Solving the Integral and Finding the Area
Okay, let's continue from where we left off. We had transformed our original integral into:
(1 / 1728) ∫[0 to π/6] sec^3(θ) dθ
We know that the integral of sec^3(θ) is given by:
∫ sec^3(θ) dθ = (1/2) [sec(θ)tan(θ) + ln|sec(θ) + tan(θ)|] + C
So, we need to evaluate this from θ = 0 to θ = π/6. Let's plug in the limits. First, let's consider θ = π/6:
sec(π/6) = 1 / cos(π/6) = 1 / (√3/2) = 2/√3 = (2√3)/3 tan(π/6) = sin(π/6) / cos(π/6) = (1/2) / (√3/2) = 1/√3 = √3/3
Now, let's plug in θ = 0:
sec(0) = 1 / cos(0) = 1 / 1 = 1 tan(0) = sin(0) / cos(0) = 0 / 1 = 0
Now, let's substitute these values into our integral result:
(1 / 1728) * (1/2) * [(2√3/3)(√3/3) + ln|(2√3/3) + (√3/3)| - (1 * 0 + ln|1 + 0|)]
Simplify the expression:
(1 / 3456) * [(2/3) + ln|√3| - 0] = (1 / 3456) * [(2/3) + ln(√3)]
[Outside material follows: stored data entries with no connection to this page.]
lemma run_potential_bound:
  assumes dl: "\<forall>i<n. d i \<le> dl" and run: "alg_run n m f C d L st lab"
  shows "k \<le> L \<Longrightarrow> \<exists>L0 h. feasible_state d (st k) \<and> (equilibrium (st k) \<or> hot_state (st k) L0 h) \<and>
           card {i. i < k \<and> lab i} + potential d dl (st k) L0 \<le> (\<Sum>i<n. d i) * (n * (dl * (m * dl)))"
proof (induction k)
  case 0
  have "st 0 = (\<lambda>_. 0, \<lambda>_ _. 0)" using run unfolding alg_run_def by simp
  moreover have "potential d dl (\<lambda>_. 0, \<lambda>_ _. 0) L0 = (\<Sum>i<n. d i) * (n * (dl * (m * dl)))" for L0
    unfolding potential_def rank_sum_def by simp
  ultimately show ?case using initial_state by auto
next
  case (Suc k)
  then obtain L0 h where feasible: "feasible_state d (st k)"
    and inv: "equilibrium (st k) \<or> hot_state (st k) L0 h"
    and bound: "card {i. i < k \<and> lab i} + potential d dl (st k) L0 \<le> (\<Sum>i<n. d i) * (n * (dl * (m * dl)))"
    by auto
  have k: "k < L" using Suc.prems by simp
  show ?case
  proof (cases "lab k")
    case True
    then have step: "imp_step n m f C (st k) (st (Suc k))" using run k unfolding alg_run_def by auto
    then have "hot_state (st k) L0 h"
      using inv unfolding imp_step_def equilibrium_def by (auto split: prod.splits)
    from improvement_step[OF dl feasible this step] obtain h' where
      "hot_state (st (Suc k)) L0 h'" "potential d dl (st (Suc k)) L0 < potential d dl (st k) L0" .
    then show ?thesis
      using bound imp_step_feasible[OF feasible step] card_filter_less_Suc[of k lab] True by fastforce
  next
    case False
    then have step: "inc_step n m f C d (st k) (st (Suc k))" using run k unfolding alg_run_def by auto
    obtain c where "hot_state (st (Suc k)) (total_load n (snd (st k))) c"
      using increment_hot[OF feasible step] .
    then show ?thesis
      using bound inc_step_feasible[OF feasible step]
        increment_potential_le[OF dl feasible step, of "total_load n (snd (st k))" L0]
        card_filter_less_Suc[of k lab] False by fastforce
  qed
qed

end

theorem corollary5p2:
  fixes n m :: nat
    and f :: "nat \<Rightarrow> nat set \<Rightarrow> nat"
    and C :: "nat \<Rightarrow> nat \<Rightarrow> nat \<Rightarrow> nat \<Rightarrow> real"
    and d :: "nat \<Rightarrow> nat"
    and L :: nat
    and st :: "nat \<Rightarrow> (nat \<Rightarrow> nat) \<times> (nat \<Rightarrow> nat \<Rightarrow> nat)"
    and lab :: "nat \<Rightarrow> bool"
  assumes "\<forall>i<n. polymatroid_rank m (f i)"
    and "\<forall>i<n. \<forall>e<m. regular_cost (C i e)"
    and "\<forall>i<n. d i \<le> f i {..<m}"
    and "alg_run n m f C d L st lab"
  shows "card {k. k < L \<and> lab k} \<le> n ^ 2 * m * (Max (d ` {..<n})) ^ 3"
proof -
  define \<delta> where "\<delta> = Max (d ` {..<n})"
  have \<delta>: "\<forall>i<n. d i \<le> \<delta>" unfolding \<delta>_def by simp
  interpret regular_game n m f C using assms(2) by unfold_locales simp
  have "card {k. k < L \<and> lab k} \<le> (\<Sum>i<n. d i) * (n * (\<delta> * (m * \<delta>)))"
    using run_potential_bound[OF \<delta> assms(4) order_refl] by fastforce
  also have "\<dots> \<le> (n * \<delta>) * (n * (\<delta> * (m * \<delta>)))"
    using sum_bounded_above[of "{..<n}" d \<delta>] \<delta> by (intro mult_le_mono1) simp
  also have "\<dots> = n ^ 2 * m * \<delta> ^ 3" by (simp add: power2_eq_square power3_eq_cube)
  finally show ?thesis unfolding \<delta>_def .
qed

end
We can simplify ln(√3) as (1/2)ln(3), so our final expression for the area is:
(1 / 3456) * [(2/3) + (1/2)ln(3)]
This is the exact value of the area under the curve. If you want a decimal approximation, you can plug this into a calculator. The result will be a small positive number, which makes sense given the graph we sketched earlier. This final calculation brings together all the steps we've taken: understanding the function, graphing it to visualize the area, setting up the definite integral, using trigonometric substitution to simplify the integral, and finally, evaluating the integral to find the area. It's quite a journey, but we made it!
Conclusion
So, guys, we've successfully graphed the function f(x) = (144 - x2)(-2) on the interval [0, 6] and calculated the area under the curve. We started by understanding the function's behavior, identifying its asymptotes, and sketching a graph. Then, we tackled the definite integral, using a clever trigonometric substitution to simplify it. Finally, we evaluated the integral and found the exact area. This whole process really highlights the power of calculus in solving interesting problems. From the initial graph visualization to the intricate integral calculation, each step builds on the previous one, giving us a comprehensive understanding of the function and its properties. Remember, practice makes perfect! The more you work through problems like this, the more comfortable you'll become with these techniques. Keep exploring, keep learning, and most importantly, have fun with math!